A screening policy can be a regulation, guidance document, or legislation and can be mandatory or nonmandatory. For enactment dates of nonmandatory policies, the month during which a policy was enacted was treated as the beginning of the exposure to the policy; all infants born in that month were classified as exposed and all infants born in months before any screening policy was adopted were treated as unexposed. Months for which the implementation date of a mandatory screening policy occurred on the first day of the month were classified as exposed. Because mandates typically have a lead time before being implemented, with gradual adoption of screening by hospitals, births during months after a mandate had been enacted but not yet implemented were classified as exposed to nonmandatory screening policies, the same as months during which explicitly nonmandatory screening policies were in place.
Enactment and implementation dates were identified by review of legislation, regulations, or guidance documents or descriptions of those policies when available, supplemented by a source of information on critical congenital heart disease screening policy dates in months (Table 1).11
In the period linked birth/infant death data set used in this study, approximately 90% of infant deaths due to critical congenital heart disease occurred in the first 6 months after birth. The main outcome variables were the numbers of early infant (from 24 hours to <6 months of age) deaths due to either critical congenital heart disease or other/unspecified congenital heart defects based on International Statistical Classification of Diseases and Related Health Problems, Tenth Revision (ICD-10) codes Q20.0-Q26.9 for underlying cause of death (eTable 1 in the Supplement). Deaths coded for patent or persistent foramen ovale (Q21.1) or patent ductus arteriosus (Q25.0) if the infant was born preterm were excluded because these are considered normal conditions of prematurity.16 To identify deaths coded for critical congenital heart disease, ICD-10 codes associated with 12 phenotypes were used, although some codes may include noncritical congenital heart disease malformations (eTable 1).17 All deaths not coded for critical congenital heart disease were classified as “other” congenital cardiac deaths. Births from January 1, 2007, to June 30, 2013, were included in the analysis; births in the second half of 2013 were excluded to ensure that all deaths prior to 6 months of age were identified.

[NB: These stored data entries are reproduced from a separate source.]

lemma genideal_subset_lin_combs:
  assumes F: "F ` {..<m} \<subseteq> carrier R"
  shows "Idl (F ` {..<m}) \<subseteq> lin_combs R m F (carrier R)"
proof (rule genideal_minimal[OF lin_combs_ideal[OF F oneideal]], rule subsetI)
  fix y assume "y \<in> F ` {..<m}"
  then obtain j where j: "j < m" and y: "y = F j" by blast
  have "lin_comb R m (\<lambda>i. if i = j then \<one> else \<zero>) F = (\<Oplus>i\<in>{..<m}. if j = i then F i else \<zero>)"
    unfolding lin_comb_def by (rule finsum_cong') (use F in auto)
  also have "\<dots> = y"
    unfolding y by (rule finsum_singleton) (use j F in auto)
  moreover have "lin_comb R m (\<lambda>i. if i = j then \<one> else \<zero>) F \<in> lin_combs R m F (carrier R)"
    by (rule lin_combsI) simp
  ultimately show "y \<in> lin_combs R m F (carrier R)" by simp
qed

lemma ideal_prod_genideal_eq_lin_combs:
  assumes F: "F ` {..<m} \<subseteq> carrier R" and K: "ideal K R"
  shows "(Idl (F ` {..<m})) \<cdot> K = lin_combs R m F K"
proof
  show "(Idl (F ` {..<m})) \<cdot> K \<subseteq> lin_combs R m F K"
  proof
    fix s assume "s \<in> (Idl (F ` {..<m})) \<cdot> K"
    then show "s \<in> lin_combs R m F K"
    proof (induction s rule: ideal_prod.induct)
      case (prod x y)
      have "x \<in> lin_combs R m F (carrier R)"
        using genideal_subset_lin_combs[OF F] prod(1) ..
      then obtain b where b: "\<And>i. i < m \<Longrightarrow> b i \<in> carrier R" and x: "x = lin_comb R m b F"
        by (rule lin_combsE) blast
      have y: "y \<in> carrier R" using ideal.Icarr[OF K prod(2)] .
      have "x \<otimes> y = y \<otimes> x" using lin_comb_closed[OF F b] x y by (simp add: m_comm)
      also have "\<dots> = lin_comb R m (\<lambda>i. y \<otimes> b i) F"
        unfolding x using F b y by (rule lin_comb_smult)
      finally show ?case
        using b prod(2) by (auto intro!: lin_combsI ideal.I_r_closed[OF K])
    next
      case (sum s1 s2)
      show ?case by (rule ideal_add_closed[OF lin_combs_ideal[OF F K] sum.IH])
    qed
  qed
  show "lin_combs R m F K \<subseteq> (Idl (F ` {..<m})) \<cdot> K"
  proof
    fix x assume "x \<in> lin_combs R m F K"
    then obtain b where b: "\<And>i. i < m \<Longrightarrow> b i \<in> K" and x: "x = lin_comb R m b F"
      by (rule lin_combsE) blast
    have "b i \<otimes> F i \<in> (Idl (F ` {..<m})) \<cdot> K" if i: "i < m" for i
    proof -
      have "F i \<in> Idl (F ` {..<m})" using genideal_self[OF F] i by auto
      then have "F i \<otimes> b i \<in> (Idl (F ` {..<m})) \<cdot> K" using b[OF i] by (rule ideal_prod.prod)
      moreover have "F i \<in> carrier R" using F i by auto
      ultimately show ?thesis using ideal.Icarr[OF K b[OF i]] by (simp add: m_comm)
    qed
    then show "x \<in> (Idl (F ` {..<m})) \<cdot> K"
      unfolding x by (intro lin_comb_in_ideal ideal_prod_is_ideal genideal_ideal F K)
  qed
qed

lemma genideal_eq_lin_combs:
  assumes "F ` {..<m} \<subseteq> carrier R"
  shows "Idl (F ` {..<m}) = lin_combs R m F (carrier R)"
  using ideal_prod_genideal_eq_lin_combs[OF assms oneideal]
    ideal_prod_one[OF genideal_ideal[OF assms]] by simp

Data were aggregated by birth month and year and state of birth. Because not all infant death records could be linked to the corresponding birth certificate, weights included in the data set were used in the aggregation to adjust for the percentage of death certificates linked to birth certificates, which varied slightly by age at death and state. Early infant deaths due to critical congenital heart disease and other/unspecified congenital heart defects among infants born in states that at the time of birth had policies in effect that mandated screening were compared with cohorts of infants born in states without screening policies in place at the time of birth.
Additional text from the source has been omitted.